Chicago’s building stock is diverse in terms of architectural styles and construction methods, ranging from old brownstones to modern skyscrapers. This variability enabled the researchers to investigate several archetypes and their contributions to carbon emissions. The study’s findings identify pollution hotspots throughout Chicago, giving useful data for future urban planning endeavors.

Function of Machine Learning and Artificial Intelligence

Hu and Ghorbany’s research relies heavily on machine learning and artificial intelligence (AI). To examine the massive quantity of data required for their study, the researchers drew from a variety of existing databases, including the National Structure Inventory and Cook County Open Data Chicago. They then utilized AI to geolocate the data and categorize it by key parameters like building materials, roof type, and construction era.

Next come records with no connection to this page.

(* Let $m\ge1$ be an integer, $q$ a prime power, and consider ${\rm PG}(4m-3,q^2)$ equipped with the non-degenerate Hermitian polar space $\mathcal H(4m-3,q^2)$ obtained by field reduction as follows: take a non-degenerate Hermitian form $h$ on $V(2,q^{4m-2})$ (with respect to $x\mapsto x^{q^{2m-1}}$), regard $V(2,q^{4m-2})$ as a $(4m-2)$-dimensional vector space $\bar V$ over ${\rm GF}(q^2)$, and let $\mathcal H(4m-3,q^2)$ be defined by the form $\bar h={\rm Tr}_{q^{4m-2}|q^2}\circ h$, with associated unitary polarity $\rho$. Then there exists a $(2m-2)$-spread $\mathbf S$ of ${\rm PG}(4m-3,q^2)$ such that $q^{2m-1}+1$ members of $\mathbf S$ are generators of $\mathcal H(4m-3,q^2)$ and the remaining $q^{4m-2}-q^{2m-1}$ members occur in $(q^{4m-2}-q^{2m-1})/2$ pairs of the form $\{\Delta,\Delta^{\rho}\}$ with $\Delta\cap\Delta^{\rho}=\emptyset$.
   Context: ${\rm Tr}_{q^{4m-2}|q^2}(x)=\sum_{i=0}^{2m-2}x^{q^{2i}}$. A $(2m-2)$-spread of ${\rm PG}(4m-3,q^2)$ is a set of pairwise disjoint $(2m-2)$-dimensional projective subspaces partitioning the point set. Generators of $\mathcal H(4m-3,q^2)$ are its totally isotropic subspaces of projective dimension $2m-2$. *)

theory Defs
  imports Main "HOL.Vector_Spaces" "HOL-Library.Product_Plus" "HOL-Computational_Algebra.Primes"
begin
lemma card_power_map_preimage_scaling_invariant:
  fixes U :: "(nat \<Rightarrow> 'a::{field,finite}) set" and d :: "nat \<Rightarrow> nat"
  assumes dpos: "\<forall>j<n. d j > 0" and coprime: "\<forall>i<n. \<forall>j<n. i \<noteq> j \<longrightarrow> coprime (d i) (d j)"
    and U: "U \<subseteq> nonzero_tuples n"
    and scale: "\<And>t y. t \<noteq> 0 \<Longrightarrow> y \<in> U \<Longrightarrow> scale_tuple n t y \<in> U"
  shows "card {x \<in> nonzero_tuples n. power_map n d x \<in> U} = card U"
proof -
  let ?V = "nonzero_tuples n :: (nat \<Rightarrow> 'a) set"
  let ?K = "power_tuples n d :: (nat \<Rightarrow> 'a) set"
  let ?c = "card {x \<in> ?V. power_map n d x = (\<lambda>j\<in>{..<n}. 1 :: 'a)}"
  have "?K \<subseteq> ?V" by (auto simp: power_tuples_def)
  have "{x \<in> ?V. power_map n d x \<in> ?V} = ?V"
    using \<open>?K \<subseteq> ?V\<close> by (auto dest: power_map_in_power_tuples)
  then have V: "card ?V = ?c * card ?K"
    using card_power_map_preimage[of n d ?V] \<open>?K \<subseteq> ?V\<close> by (simp add: Int_absorb1)
  have "(\<lambda>j\<in>{..<n}. 1) \<in> ?K" by (simp add: power_tuples_def mem_nonzero_tuples_iff)
  moreover have "finite ?K" using \<open>?K \<subseteq> ?V\<close> by (rule finite_subset) simp
  ultimately have "card ?K > 0" by (auto simp: card_gt_0_iff)
  moreover have "card {x \<in> ?V. power_map n d x \<in> U} * card ?K = card (U \<inter> ?K) * card ?V"
    by (simp add: card_power_map_preimage V)
  ultimately show ?thesis
    using card_power_tuples_proportion[OF dpos coprime U scale] by simp
qed

lemma card_linear_zero_Suc:
  fixes a :: "nat \<Rightarrow> 'a::field"
  assumes "a n \<noteq> 0"
  shows "card {y \<in> nonzero_tuples (Suc n). (\<Sum>j<Suc n. a j * y j) = 0}
       = card {z \<in> nonzero_tuples n. (\<Sum>j<n. a j * z j) \<noteq> 0}"
proof -
  let ?s = "\<lambda>z. \<Sum>j<n. a j * z j"
  have s_restrict: "?s (restrict y {..<n}) = ?s y" for y :: "nat \<Rightarrow> 'a"
    by (rule sum.cong) auto
  have s_upd: "?s (z(n := c)) = ?s z" for z :: "nat \<Rightarrow> 'a" and c
    by (rule sum.cong) auto
  \<comment> \<open>The last coordinate of a solution is determined by the others, and is nonzero
      exactly when their partial sum is.\<close>
  have "bij_betw (\<lambda>y. restrict y {..<n})
      {y \<in> nonzero_tuples (Suc n). ?s y + a n * y n = 0} {z \<in> nonzero_tuples n. ?s z \<noteq> 0}"
    using assms
    by (intro bij_betw_byWitness[where f' = "\<lambda>z. z(n := - ?s z / a n)"])
      (auto simp: mem_nonzero_tuples_iff fun_eq_iff s_restrict s_upd field_simps add_eq_0_iff
            less_Suc_eq)
  then show ?thesis by (simp add: bij_betw_same_card)
qed

lemma card_linear_zero:
  fixes a :: "nat \<Rightarrow> 'a::{field,finite}"
  assumes "\<forall>j<n. a j \<noteq> 0"
  shows "real (card {y \<in> nonzero_tuples n. (\<Sum>j<n. a j * y j) = 0}) * real (card (UNIV :: 'a set))
       = (real (card (UNIV :: 'a set)) - 1) ^ n + (-1) ^ n * (real (card (UNIV :: 'a set)) - 1)"
  using assms
proof (induction n)
  case 0
  have "nonzero_tuples 0 = {(\<lambda>_. undefined) :: nat \<Rightarrow> 'a}"
    by (simp add: nonzero_tuples_def)
  then show ?case by (simp add: algebra_simps)
next
  case (Suc n)
  let ?q = "real (card (UNIV :: 'a set))"
  let ?V = "nonzero_tuples n :: (nat \<Rightarrow> 'a) set"
  let ?Z = "{z \<in> ?V. (\<Sum>j<n. a j * z j) = 0}"
  have "card {y \<in> nonzero_tuples (Suc n). (\<Sum>j<Suc n. a j * y j) = 0}
      = card {z \<in> ?V. (\<Sum>j<n. a j * z j) \<noteq> 0}"
    using Suc.prems by (intro card_linear_zero_Suc) simp
  also have "{z \<in> ?V. (\<Sum>j<n. a j * z j) \<noteq> 0} = ?V - ?Z" by blast
  finally have "card {y \<in> nonzero_tuples (Suc n). (\<Sum>j<Suc n. a j * y j) = 0} = card ?V - card ?Z"
    by (simp add: card_Diff_subset)
  moreover have "card ?Z \<le> card ?V" by (rule card_mono) auto
  moreover have "card ?V = (card (UNIV :: 'a set) - 1) ^ n" by (rule card_nonzero_tuples)
  moreover have "card (UNIV :: 'a set) \<ge> 1"
    by (simp add: Suc_leI finite_UNIV_card_ge_0)
  ultimately have "real (card {y \<in> nonzero_tuples (Suc n). (\<Sum>j<Suc n. a j * y j) = 0}) * ?q
      = (?q - 1) ^ n * ?q - real (card ?Z) * ?q"
    by (simp add: of_nat_diff left_diff_distrib)
  also have "\<dots> = (?q - 1) ^ n * ?q - ((?q - 1) ^ n + (-1) ^ n * (?q - 1))"
    using Suc by simp
  also have "\<dots> = (?q - 1) ^ Suc n + (-1) ^ Suc n * (?q - 1)"
    by (simp add: algebra_simps)
  finally show ?case .
qed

The AI-powered tool calculates a building’s total embodied carbon by multiplying the baseline emissions of a specific dwelling archetype by its footprint. This approach provides a highly accurate approximation of the embodied carbon for a wide range of structures, allowing users to evaluate various carbon reduction scenarios.

Conclusion

Ming Hu and Siavash Ghorbany’s ground-breaking research offers a critical new tool for analyzing and lowering embodied carbon in the built environment. They proved the necessity of reusing and extending the lifespans of existing buildings in Chicago by evaluating the carbon emissions of over one million structures. Their research provides politicians and urban planners with concrete information, allowing them to make better decisions about urban growth and carbon mitigation.